Digital Dual-Loop Interleaving Control Algorithm for Asymmetric Multiphase Buck Converter With Ultrafast Load Transient

In this article, a novel digital dual-loop interleaving control algorithm is proposed for an asymmetric multiphase buck converter to further enhance the transient response under the large load step and ultrafast slew rate. The proposed dual loop consists of a novel nonlinear average current loop and a digital integration constant ON-time (DICOT) controlled voltage loop, which are interleaving connected. The normal phases with average current control aim to deliver the majority of power, while the auxiliary phases with DICOT control are designed to regulate the output voltage and for the fast transient response.
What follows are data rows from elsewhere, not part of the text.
lemma in_Omega_abs_diff_dual_le:
  fixes b r r' :: "int list"
  assumes Om: "in_Omega p q k r" and Om': "in_Omega p q k' r'" and lb: "length b = q"
    and k'_le: "\<And>i. i < p \<Longrightarrow> k' ! i \<le> k ! i"
    and k'_eq: "\<And>i. i < p \<Longrightarrow> k' ! i < c - 1 \<Longrightarrow> k' ! i = k ! i"
    and b_ge: "\<And>j. j < q \<Longrightarrow> int j \<le> int q - c \<Longrightarrow> int p \<le> b ! j"
  shows "list_all2 (\<lambda>x y. \<bar>x\<bar> \<le> \<bar>y\<bar>) (vminus b r') (vminus b r)"
proof -
  have lr: "length r = q" and lr': "length r' = q"
    using Om Om' by (simp_all add: in_Omega_def)
  show ?thesis
    unfolding list_all2_vminus_iff[OF lb lr' lb lr]
  proof (intro allI impI)
    fix j assume "j < q"
    show "\<bar>b ! j - r' ! j\<bar> \<le> \<bar>b ! j - r ! j\<bar>"
    proof (cases "int j \<le> int q - c")
      case True
      then show ?thesis
        using b_ge[OF \<open>j < q\<close>] in_Omega_nth_le[OF Om' \<open>j < q\<close>]
          in_Omega_dual_antimono[OF Om Om' k'_le \<open>j < q\<close>]
        by simp
    next
      case False
      then have "int (j + 1) \<le> int q - k' ! i \<longleftrightarrow> int (j + 1) \<le> int q - k ! i" if "i < p" for i
        using k'_le[OF that] k'_eq[OF that] by force
      then have "{i. i < p \<and> int (j + 1) \<le> int q - k' ! i}
          = {i. i < p \<and> int (j + 1) \<le> int q - k ! i}"
        by blast
      then have "r' ! j = r ! j"
        using Om Om' \<open>j < q\<close> by (simp add: in_Omega_def)
      then show ?thesis
        by simp
    qed
  qed
qed

lemma minus_beta_sorted_nth_less:
  assumes "sorted_wrt (\<ge>) (minus_beta xs)" and "0 < i" and "i < length xs"
  shows "xs ! i < (xs ! 0 :: int)"
proof -
  have "0 < length xs" using assms(2,3) by linarith
  then show ?thesis
    using sorted_wrt_nth_less[OF assms(1), of 0 i] assms(2,3) by (simp add: minus_beta_def)
qed

lemma sum_list_take_le:
  fixes xs :: "'a::ordered_comm_monoid_add list"
  assumes "n \<le> length xs" and "\<And>i. i < n \<Longrightarrow> xs ! i \<le> c i"
  shows "sum_list (take n xs) \<le> (\<Sum>i<n. c i)"
proof -
  have "sum_list (take n xs) = (\<Sum>i<n. xs ! i)"
    using assms(1) by (simp add: sum_list_sum_nth atLeast0LessThan min_absorb1)
  also have "\<dots> \<le> (\<Sum>i<n. c i)"
    using assms(2) by (rule sum_mono) simp
  finally show ?thesis .
qed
With the interleaving control approach, the average inductor current of auxiliary phases remains unchanged in a steady state under different load conditions and that of normal phases follows the load current level. Compared to existing researches, the proposed digital dual-loop interleaving control has robust operation in auxiliary phases and flexibility control of normal and auxiliary phases, as well as the simple hardware implementation. The proposed algorithm is constructed in field-programmable gate array and is applied on the eight phases asymmetric buck system, the maximum load step of 250 A with the current slew rate of 1200 A/mu s is tested, the undershoot and overshoot are 30 and 41 mV respectively, and the recovery times are around 20 mu s.